### Work order
When you find the line with "sigR2 / (PSbar" among the records below, reproduce it and each line after it exactly, ending with the line with "psi / (alpha".
····················
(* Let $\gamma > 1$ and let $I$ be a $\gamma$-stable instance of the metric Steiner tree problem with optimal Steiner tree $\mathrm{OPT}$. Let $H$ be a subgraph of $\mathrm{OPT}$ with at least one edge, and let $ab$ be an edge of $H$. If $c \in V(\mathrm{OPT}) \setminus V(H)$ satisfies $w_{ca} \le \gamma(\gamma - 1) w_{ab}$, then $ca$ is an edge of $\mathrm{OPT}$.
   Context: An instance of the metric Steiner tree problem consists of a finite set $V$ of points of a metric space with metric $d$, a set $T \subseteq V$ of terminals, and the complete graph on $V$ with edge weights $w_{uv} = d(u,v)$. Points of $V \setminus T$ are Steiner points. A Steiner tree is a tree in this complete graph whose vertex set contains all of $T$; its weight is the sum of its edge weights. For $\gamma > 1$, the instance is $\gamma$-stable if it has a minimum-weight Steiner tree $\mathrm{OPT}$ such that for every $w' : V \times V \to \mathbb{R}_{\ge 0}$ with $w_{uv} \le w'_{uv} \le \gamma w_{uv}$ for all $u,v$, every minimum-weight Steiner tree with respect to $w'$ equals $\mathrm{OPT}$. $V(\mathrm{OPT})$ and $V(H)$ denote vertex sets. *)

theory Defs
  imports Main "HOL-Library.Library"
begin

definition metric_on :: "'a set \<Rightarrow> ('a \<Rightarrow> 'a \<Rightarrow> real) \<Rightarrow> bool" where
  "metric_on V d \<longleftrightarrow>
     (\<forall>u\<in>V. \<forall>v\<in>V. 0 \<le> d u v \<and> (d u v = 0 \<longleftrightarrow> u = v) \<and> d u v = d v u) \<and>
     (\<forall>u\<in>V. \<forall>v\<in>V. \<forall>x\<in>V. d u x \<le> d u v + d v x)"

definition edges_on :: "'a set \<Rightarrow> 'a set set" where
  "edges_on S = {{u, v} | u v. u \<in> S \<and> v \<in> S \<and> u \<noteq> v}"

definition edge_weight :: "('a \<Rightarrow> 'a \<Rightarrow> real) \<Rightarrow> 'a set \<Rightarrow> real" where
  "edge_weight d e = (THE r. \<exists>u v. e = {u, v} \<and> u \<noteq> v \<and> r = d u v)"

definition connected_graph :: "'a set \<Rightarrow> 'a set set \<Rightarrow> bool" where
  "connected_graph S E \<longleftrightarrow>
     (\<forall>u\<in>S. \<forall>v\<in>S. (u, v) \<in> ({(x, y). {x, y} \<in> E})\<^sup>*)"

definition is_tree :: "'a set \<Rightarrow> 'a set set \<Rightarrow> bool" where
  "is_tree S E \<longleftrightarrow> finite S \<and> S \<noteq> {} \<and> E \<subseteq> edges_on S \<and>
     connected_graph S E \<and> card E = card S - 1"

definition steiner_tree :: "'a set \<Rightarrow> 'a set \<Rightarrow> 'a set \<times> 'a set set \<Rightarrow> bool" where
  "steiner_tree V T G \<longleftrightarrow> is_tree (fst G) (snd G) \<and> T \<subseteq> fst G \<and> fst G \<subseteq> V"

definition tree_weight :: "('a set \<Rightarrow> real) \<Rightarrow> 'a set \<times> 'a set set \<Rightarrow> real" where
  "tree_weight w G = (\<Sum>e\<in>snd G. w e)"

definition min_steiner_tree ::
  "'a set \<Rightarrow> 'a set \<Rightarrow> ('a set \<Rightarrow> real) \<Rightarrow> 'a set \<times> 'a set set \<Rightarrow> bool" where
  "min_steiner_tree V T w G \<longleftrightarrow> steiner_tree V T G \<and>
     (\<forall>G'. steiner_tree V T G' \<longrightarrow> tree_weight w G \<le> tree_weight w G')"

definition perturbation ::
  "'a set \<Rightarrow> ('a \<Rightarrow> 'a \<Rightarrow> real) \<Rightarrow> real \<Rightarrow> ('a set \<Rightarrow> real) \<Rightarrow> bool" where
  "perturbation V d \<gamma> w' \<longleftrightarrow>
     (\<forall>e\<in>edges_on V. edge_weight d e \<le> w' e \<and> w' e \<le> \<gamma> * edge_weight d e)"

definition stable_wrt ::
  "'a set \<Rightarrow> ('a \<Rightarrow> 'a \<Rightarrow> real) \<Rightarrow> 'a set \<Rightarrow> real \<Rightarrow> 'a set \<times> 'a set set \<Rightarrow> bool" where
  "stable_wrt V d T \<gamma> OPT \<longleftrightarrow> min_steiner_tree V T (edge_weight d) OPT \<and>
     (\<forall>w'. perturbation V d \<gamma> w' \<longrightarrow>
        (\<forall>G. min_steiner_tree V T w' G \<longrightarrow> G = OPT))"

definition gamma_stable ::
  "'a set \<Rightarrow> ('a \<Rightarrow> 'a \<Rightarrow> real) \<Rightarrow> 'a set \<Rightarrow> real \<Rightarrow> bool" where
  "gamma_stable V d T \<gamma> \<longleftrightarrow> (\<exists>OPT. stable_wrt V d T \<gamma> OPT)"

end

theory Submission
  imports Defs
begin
····················
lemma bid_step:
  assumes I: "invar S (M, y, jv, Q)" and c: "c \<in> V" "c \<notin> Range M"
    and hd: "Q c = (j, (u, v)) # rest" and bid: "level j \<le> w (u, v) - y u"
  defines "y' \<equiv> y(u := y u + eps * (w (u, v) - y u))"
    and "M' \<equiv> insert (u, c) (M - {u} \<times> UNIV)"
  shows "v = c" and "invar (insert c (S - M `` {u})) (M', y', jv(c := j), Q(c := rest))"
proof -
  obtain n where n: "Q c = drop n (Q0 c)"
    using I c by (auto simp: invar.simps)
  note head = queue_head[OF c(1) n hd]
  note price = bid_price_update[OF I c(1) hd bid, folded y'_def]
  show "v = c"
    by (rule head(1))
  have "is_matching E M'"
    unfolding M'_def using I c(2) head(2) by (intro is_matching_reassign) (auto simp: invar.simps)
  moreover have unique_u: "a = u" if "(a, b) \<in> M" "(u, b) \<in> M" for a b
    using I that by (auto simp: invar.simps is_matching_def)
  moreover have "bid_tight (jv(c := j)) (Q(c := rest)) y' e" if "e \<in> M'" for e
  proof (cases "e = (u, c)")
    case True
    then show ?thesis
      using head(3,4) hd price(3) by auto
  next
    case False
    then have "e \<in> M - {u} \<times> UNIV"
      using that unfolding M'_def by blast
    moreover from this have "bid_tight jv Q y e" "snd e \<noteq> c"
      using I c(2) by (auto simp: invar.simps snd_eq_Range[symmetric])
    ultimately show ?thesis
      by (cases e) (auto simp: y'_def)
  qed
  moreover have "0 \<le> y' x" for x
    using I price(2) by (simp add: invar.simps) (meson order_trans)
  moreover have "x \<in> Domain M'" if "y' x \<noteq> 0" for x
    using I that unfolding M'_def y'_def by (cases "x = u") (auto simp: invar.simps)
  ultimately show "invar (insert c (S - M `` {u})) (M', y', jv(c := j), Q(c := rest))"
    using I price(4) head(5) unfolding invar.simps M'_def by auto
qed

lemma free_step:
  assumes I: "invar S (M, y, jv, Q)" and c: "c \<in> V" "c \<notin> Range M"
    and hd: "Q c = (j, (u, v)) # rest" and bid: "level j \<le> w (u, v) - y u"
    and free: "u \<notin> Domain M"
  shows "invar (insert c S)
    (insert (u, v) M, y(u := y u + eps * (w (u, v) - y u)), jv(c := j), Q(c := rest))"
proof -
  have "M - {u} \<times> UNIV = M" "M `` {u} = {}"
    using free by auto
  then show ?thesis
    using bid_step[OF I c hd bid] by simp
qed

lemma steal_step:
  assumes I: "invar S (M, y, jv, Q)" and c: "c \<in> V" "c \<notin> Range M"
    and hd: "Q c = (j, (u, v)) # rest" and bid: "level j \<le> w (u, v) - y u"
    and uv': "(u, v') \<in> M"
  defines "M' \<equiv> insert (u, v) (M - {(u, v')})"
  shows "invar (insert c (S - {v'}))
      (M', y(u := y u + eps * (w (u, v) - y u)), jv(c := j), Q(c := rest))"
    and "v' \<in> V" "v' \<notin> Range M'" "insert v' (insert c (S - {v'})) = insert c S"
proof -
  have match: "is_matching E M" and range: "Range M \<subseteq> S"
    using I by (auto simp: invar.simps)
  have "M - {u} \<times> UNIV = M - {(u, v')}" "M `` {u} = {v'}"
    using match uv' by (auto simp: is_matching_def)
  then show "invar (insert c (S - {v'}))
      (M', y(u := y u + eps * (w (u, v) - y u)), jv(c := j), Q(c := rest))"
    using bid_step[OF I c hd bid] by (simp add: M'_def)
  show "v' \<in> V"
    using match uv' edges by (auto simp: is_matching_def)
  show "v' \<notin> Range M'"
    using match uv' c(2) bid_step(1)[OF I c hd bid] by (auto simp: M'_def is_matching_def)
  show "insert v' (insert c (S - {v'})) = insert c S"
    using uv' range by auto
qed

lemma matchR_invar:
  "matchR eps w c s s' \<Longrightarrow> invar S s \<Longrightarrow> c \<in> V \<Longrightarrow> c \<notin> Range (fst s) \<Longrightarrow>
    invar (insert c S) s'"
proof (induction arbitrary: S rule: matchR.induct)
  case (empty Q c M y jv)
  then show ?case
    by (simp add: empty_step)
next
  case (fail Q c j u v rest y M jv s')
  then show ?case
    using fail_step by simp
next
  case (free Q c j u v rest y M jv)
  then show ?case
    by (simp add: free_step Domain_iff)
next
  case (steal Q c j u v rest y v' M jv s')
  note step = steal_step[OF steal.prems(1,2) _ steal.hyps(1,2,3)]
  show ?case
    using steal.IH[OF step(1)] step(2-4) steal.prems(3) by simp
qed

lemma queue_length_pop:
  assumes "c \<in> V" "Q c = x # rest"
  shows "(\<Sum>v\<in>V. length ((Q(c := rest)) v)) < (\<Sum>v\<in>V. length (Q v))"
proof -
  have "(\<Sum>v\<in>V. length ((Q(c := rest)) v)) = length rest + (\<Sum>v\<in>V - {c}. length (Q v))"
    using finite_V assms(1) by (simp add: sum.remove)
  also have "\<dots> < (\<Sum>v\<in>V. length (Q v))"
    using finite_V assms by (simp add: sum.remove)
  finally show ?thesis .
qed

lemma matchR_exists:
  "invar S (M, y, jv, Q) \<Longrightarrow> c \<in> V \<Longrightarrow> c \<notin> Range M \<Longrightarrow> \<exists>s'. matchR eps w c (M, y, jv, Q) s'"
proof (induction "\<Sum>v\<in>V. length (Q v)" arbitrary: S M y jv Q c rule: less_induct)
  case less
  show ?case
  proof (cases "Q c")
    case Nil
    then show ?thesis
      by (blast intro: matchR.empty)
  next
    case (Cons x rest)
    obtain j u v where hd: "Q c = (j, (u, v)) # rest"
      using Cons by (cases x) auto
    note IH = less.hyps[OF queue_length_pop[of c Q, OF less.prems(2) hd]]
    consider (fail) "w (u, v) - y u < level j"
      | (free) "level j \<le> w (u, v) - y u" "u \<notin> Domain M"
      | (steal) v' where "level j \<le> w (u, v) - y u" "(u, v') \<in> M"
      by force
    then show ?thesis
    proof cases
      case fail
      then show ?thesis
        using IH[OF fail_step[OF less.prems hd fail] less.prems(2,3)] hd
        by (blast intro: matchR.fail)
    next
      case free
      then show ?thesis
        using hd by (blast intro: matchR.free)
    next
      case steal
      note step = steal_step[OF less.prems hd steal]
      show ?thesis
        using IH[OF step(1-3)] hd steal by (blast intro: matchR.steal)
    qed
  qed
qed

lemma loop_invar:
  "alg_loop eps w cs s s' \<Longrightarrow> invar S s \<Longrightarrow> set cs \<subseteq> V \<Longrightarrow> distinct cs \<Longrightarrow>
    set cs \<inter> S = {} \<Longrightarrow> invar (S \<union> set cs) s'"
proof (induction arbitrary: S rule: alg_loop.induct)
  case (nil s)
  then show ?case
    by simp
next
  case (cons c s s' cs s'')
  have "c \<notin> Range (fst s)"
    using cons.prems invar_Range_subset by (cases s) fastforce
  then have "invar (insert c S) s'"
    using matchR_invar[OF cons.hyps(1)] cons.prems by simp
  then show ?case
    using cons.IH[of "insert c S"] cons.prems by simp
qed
····················
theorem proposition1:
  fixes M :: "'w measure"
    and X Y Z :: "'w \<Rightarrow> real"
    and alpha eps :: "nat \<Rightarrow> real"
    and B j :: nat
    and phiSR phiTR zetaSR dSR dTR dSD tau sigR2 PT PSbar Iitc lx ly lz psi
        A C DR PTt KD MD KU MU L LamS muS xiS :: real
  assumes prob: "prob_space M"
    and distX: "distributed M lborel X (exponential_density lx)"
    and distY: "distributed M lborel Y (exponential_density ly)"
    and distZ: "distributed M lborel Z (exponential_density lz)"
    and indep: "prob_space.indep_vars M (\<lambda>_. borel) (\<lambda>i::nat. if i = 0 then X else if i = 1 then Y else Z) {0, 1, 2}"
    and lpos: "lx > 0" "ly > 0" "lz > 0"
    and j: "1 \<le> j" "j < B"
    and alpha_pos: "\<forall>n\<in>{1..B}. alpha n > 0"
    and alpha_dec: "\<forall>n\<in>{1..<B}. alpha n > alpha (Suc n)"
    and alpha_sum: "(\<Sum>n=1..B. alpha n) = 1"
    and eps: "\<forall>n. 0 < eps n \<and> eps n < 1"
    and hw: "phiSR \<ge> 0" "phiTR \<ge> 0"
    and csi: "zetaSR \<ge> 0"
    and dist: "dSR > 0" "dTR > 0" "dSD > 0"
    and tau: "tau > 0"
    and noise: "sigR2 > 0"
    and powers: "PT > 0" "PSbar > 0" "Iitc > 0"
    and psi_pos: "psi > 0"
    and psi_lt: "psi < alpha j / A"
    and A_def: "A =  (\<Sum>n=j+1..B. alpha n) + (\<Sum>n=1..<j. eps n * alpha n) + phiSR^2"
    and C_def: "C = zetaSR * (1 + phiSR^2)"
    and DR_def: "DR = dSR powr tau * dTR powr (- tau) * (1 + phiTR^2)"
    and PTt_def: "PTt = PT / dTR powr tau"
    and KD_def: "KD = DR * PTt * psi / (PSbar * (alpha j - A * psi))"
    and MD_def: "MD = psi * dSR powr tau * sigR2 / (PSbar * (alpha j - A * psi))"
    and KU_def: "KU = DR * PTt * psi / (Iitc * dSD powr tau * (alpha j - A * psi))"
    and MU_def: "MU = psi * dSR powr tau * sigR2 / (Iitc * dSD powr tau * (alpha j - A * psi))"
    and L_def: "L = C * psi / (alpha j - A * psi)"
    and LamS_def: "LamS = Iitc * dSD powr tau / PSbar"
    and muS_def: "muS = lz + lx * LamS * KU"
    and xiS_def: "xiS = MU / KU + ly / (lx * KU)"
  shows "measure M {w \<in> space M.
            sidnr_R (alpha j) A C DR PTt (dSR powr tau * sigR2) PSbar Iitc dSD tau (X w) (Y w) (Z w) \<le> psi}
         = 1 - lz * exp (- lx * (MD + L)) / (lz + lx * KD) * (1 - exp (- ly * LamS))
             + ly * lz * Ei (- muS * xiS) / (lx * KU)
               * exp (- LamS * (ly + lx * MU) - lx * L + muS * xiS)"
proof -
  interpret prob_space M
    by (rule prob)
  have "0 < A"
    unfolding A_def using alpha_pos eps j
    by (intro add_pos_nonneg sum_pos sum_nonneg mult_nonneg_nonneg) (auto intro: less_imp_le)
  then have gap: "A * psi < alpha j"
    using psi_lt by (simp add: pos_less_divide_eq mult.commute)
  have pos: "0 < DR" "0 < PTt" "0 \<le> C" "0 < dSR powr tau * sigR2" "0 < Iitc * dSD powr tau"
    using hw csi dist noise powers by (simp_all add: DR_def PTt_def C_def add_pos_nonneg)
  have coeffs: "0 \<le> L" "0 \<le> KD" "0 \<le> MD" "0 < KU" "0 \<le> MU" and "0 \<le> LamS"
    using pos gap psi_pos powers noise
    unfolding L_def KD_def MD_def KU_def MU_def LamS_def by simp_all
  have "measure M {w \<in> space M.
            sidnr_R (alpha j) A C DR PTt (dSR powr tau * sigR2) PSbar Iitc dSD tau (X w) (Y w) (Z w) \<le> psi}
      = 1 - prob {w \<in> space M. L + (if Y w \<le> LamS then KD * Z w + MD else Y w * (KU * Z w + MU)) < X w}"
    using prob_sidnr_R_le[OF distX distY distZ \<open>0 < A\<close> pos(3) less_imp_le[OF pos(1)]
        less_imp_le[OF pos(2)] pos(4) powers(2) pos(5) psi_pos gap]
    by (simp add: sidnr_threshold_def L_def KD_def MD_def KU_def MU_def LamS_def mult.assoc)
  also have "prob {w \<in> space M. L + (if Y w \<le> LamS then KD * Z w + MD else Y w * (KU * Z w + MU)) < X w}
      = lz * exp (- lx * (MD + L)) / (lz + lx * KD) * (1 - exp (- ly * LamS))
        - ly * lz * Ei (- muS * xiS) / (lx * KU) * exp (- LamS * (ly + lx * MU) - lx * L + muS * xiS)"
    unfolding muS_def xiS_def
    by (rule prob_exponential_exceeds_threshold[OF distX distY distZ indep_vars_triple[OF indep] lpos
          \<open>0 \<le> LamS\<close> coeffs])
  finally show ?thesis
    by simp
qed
····················
### Expected output
    and MD_def: "MD = psi * dSR powr tau * sigR2 / (PSbar * (alpha j - A * psi))"
    and KU_def: "KU = DR * PTt * psi / (Iitc * dSD powr tau * (alpha j - A * psi))"
    and MU_def: "MU = psi * dSR powr tau * sigR2 / (Iitc * dSD powr tau * (alpha j - A * psi))"
    and L_def: "L = C * psi / (alpha j - A * psi)"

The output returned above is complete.